The governor reiterated his frustration that the administration and lawmakers have agreed on only $19.7 million in reductions thus far. He noted the longer more cuts are put off, the deeper they will have to become, because they will need to be in effect for a more compressed period of time.
“I’m disappointed we haven’t made more progress,” said Douglas, a Middlebury Republican.
“I understand that some legislators were reluctant to do more (than $19.7 million in cuts) because they wanted the entire Legislature involved,” he added. “I understand that, but the clock is ticking.”
While Douglas has thus far steered clear of recommending cuts to some programs — such as state police services — he said he recognizes “everything has to be on the table — even priorities of mine.”
Sharpe believes that “everything” should include consideration of raising taxes — something he noted the late Gov. Richard Snelling proposed during the early 1990s when the state also faced a financial crisis.
“It bothers me that we aren’t looking at the revenue side at all,” Sharpe said.
Sen. Claire Ayer, D-Weybridge, said she expects the cuts announced on Monday will have consequences for a lot of Vermonters. That said, she believes the $19.7 million in reductions are not enough to trigger wholesale changes in state policy, and she is pleased the full House and Senate will now soon have an opportunity to weigh in on any further cuts to be made.
“I think (the cuts) need to be reviewed by more than a handful of people,” said Ayer, vice chairwoman of the Senate Finance Committee and the current Senate majority whip.

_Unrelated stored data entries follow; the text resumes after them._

lemma sign_cone_residual_mult_self:
  "sign_cone_residual up dn x * x = (sign_cone_residual up dn x)\<^sup>2"
  by (auto simp: sign_cone_residual_def power2_eq_square min_def max_def)

lemma diff_sign_cone_residual_mem:
  "x - sign_cone_residual up dn x \<in> sign_cone up dn"
  by (auto simp: sign_cone_residual_def sign_cone_def min_def max_def)

lemma sign_cone_residual_square_le:
  assumes "c \<in> sign_cone up dn"
  shows "(sign_cone_residual up dn x)\<^sup>2 \<le> (x - c)\<^sup>2"
proof -
  have "\<bar>sign_cone_residual up dn x\<bar> \<le> \<bar>x - c\<bar>"
    using assms by (auto simp: sign_cone_residual_def sign_cone_def)
  then show ?thesis by (simp add: abs_le_square_iff)
qed

lemma continuous_sign_cone_residual: "continuous_on UNIV (sign_cone_residual up dn)"
  unfolding sign_cone_residual_def by (cases up; cases dn) (simp_all add: continuous_on_min continuous_on_max)

lemma eventually_abs_scaled_less_at_right:
  fixes b e :: real
  assumes "0 < b"
  shows "eventually (\<lambda>t. \<bar>t * e\<bar> < b) (at_right 0)"
proof (rule order_tendstoD)
  show "((\<lambda>t. \<bar>t * e\<bar>) \<longlongrightarrow> \<bar>0 * e\<bar>) (at_right 0)"
    by (intro tendsto_intros)
qed (use assms in simp)

lemma eventually_abs_add_scaled_at_right:
  fixes a e :: real
  shows "eventually (\<lambda>t. \<bar>a + t * e\<bar> = \<bar>a\<bar> + t * (if a = 0 then \<bar>e\<bar> else sgn a * e)) (at_right 0)"
proof (cases "a = 0")
  case True
  show ?thesis
    using eventually_at_right_less[of 0] by eventually_elim (simp add: True abs_mult)
next
  case False
  then have "eventually (\<lambda>t. \<bar>t * e\<bar> < \<bar>a\<bar>) (at_right 0)"
    by (intro eventually_abs_scaled_less_at_right) simp
  then show ?thesis
    by eventually_elim (use False in \<open>auto simp: sgn_if abs_if algebra_simps\<close>)
qed

lemma nonneg_if_eventually_nonneg_at_right:
  fixes a b :: real
  assumes "eventually (\<lambda>t. 0 \<le> a + t * b) (at_right 0)"
  shows "0 \<le> a"
proof (rule tendsto_le[OF trivial_limit_at_right_real _ tendsto_const assms])
  show "((\<lambda>t. a + t * b) \<longlongrightarrow> a) (at_right 0)"
    by (auto intro!: tendsto_eq_intros)
qed

definition sq_dist_sign_cones ::
    "nat \<Rightarrow> (nat \<Rightarrow> bool) \<Rightarrow> (nat \<Rightarrow> bool) \<Rightarrow> (nat \<Rightarrow> real) \<Rightarrow> real" where
  "sq_dist_sign_cones n up dn v = (\<Sum>i<n. (sign_cone_residual (up i) (dn i) (v i))\<^sup>2)"

lemma residual_variational_inequality:
  fixes U :: "(nat \<Rightarrow> real) set" and D :: "nat \<Rightarrow> nat \<Rightarrow> real" and m n :: nat
    and up dn :: "nat \<Rightarrow> bool"
  assumes segment: "\<And>u v t. u \<in> U \<Longrightarrow> v \<in> U \<Longrightarrow> 0 \<le> t \<Longrightarrow> t \<le> 1 \<Longrightarrow>
                      (\<lambda>p. u p + t * (v p - u p)) \<in> U"
    and "u0 \<in> U" "u \<in> U"
    and min: "\<And>w. w \<in> U \<Longrightarrow> sq_dist_sign_cones n up dn (mat_tapply D m u0)
                             \<le> sq_dist_sign_cones n up dn (mat_tapply D m w)"
  shows "0 \<le> (\<Sum>i<n. sign_cone_residual (up i) (dn i) (mat_tapply D m u0 i)
                        * (mat_tapply D m u i - mat_tapply D m u0 i))"
    (is "0 \<le> (\<Sum>i<n. ?\<rho> i * ?\<delta> i)")
proof -
  define h where "h w = sq_dist_sign_cones n up dn (mat_tapply D m w)" for w
  let ?a = "\<Sum>i<n. ?\<rho> i * ?\<delta> i" and ?B = "\<Sum>i<n. (?\<delta> i)\<^sup>2"
  have small_step: "0 \<le> 2 * ?a + t * ?B" if t: "0 < t" "t \<le> 1" for t
  proof -
    define w where "w p = u0 p + t * (u p - u0 p)" for p
    have "w \<in> U"
      unfolding w_def[abs_def] using segment[OF \<open>u0 \<in> U\<close> \<open>u \<in> U\<close>] t by simp
    have Lw: "mat_tapply D m w i = mat_tapply D m u0 i + t * ?\<delta> i" for i
      unfolding w_def[abs_def] by (rule mat_tapply_segment)
    from \<open>w \<in> U\<close> have "h u0 \<le> h w" unfolding h_def by (rule min)
    also have "h w \<le> (\<Sum>i<n. (?\<rho> i + t * ?\<delta> i)\<^sup>2)"
      unfolding h_def sq_dist_sign_cones_def
    proof (rule sum_mono)
      fix i
      have "(sign_cone_residual (up i) (dn i) (mat_tapply D m w i))\<^sup>2
              \<le> (mat_tapply D m w i - (mat_tapply D m u0 i - ?\<rho> i))\<^sup>2"
        by (rule sign_cone_residual_square_le[OF diff_sign_cone_residual_mem])
      then show "(sign_cone_residual (up i) (dn i) (mat_tapply D m w i))\<^sup>2 \<le> (?\<rho> i + t * ?\<delta> i)\<^sup>2"
        by (simp add: Lw algebra_simps)
    qed
    also have "\<dots> = (\<Sum>i<n. (?\<rho> i)\<^sup>2 + t * (2 * (?\<rho> i * ?\<delta> i)) + t * (t * (?\<delta> i)\<^sup>2))"
      by (simp add: power2_eq_square algebra_simps)
    also have "\<dots> = h u0 + t * (2 * ?a + t * ?B)"
      unfolding h_def sq_dist_sign_cones_def
      by (simp add: sum.distrib sum_distrib_left distrib_left)
    finally show ?thesis
      using t by (simp add: zero_le_mult_iff)
  qed
  have "eventually (\<lambda>t. 0 \<le> 2 * ?a + t * ?B) (at_right 0)"
    using eventually_at_right_real[OF zero_less_one] by eventually_elim (simp add: small_step)
  then have "0 \<le> 2 * ?a"
    by (rule nonneg_if_eventually_nonneg_at_right)
  then show ?thesis by simp
qed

Rep. Willem Jewett, D-Ripton, voiced frustration with what he said was a lack of details to go along with the list of cuts provided by the administration.
“The documents tell you virtually nothing — where the positions are going to be cut and what doors are going to be shut,” Jewett said of the $19.7 list, which can be accessed at http://aoa.vermont.gov/. “We have not achieved transparency.”
Meanwhile, CSAC Executive Director Robert Thorn and the heads of other agencies affected by the cuts are determining what services they will have to pare back in order to adjust to their new bottom lines.
“It is unclear what part of our budget is going to be affected,” Thorn said.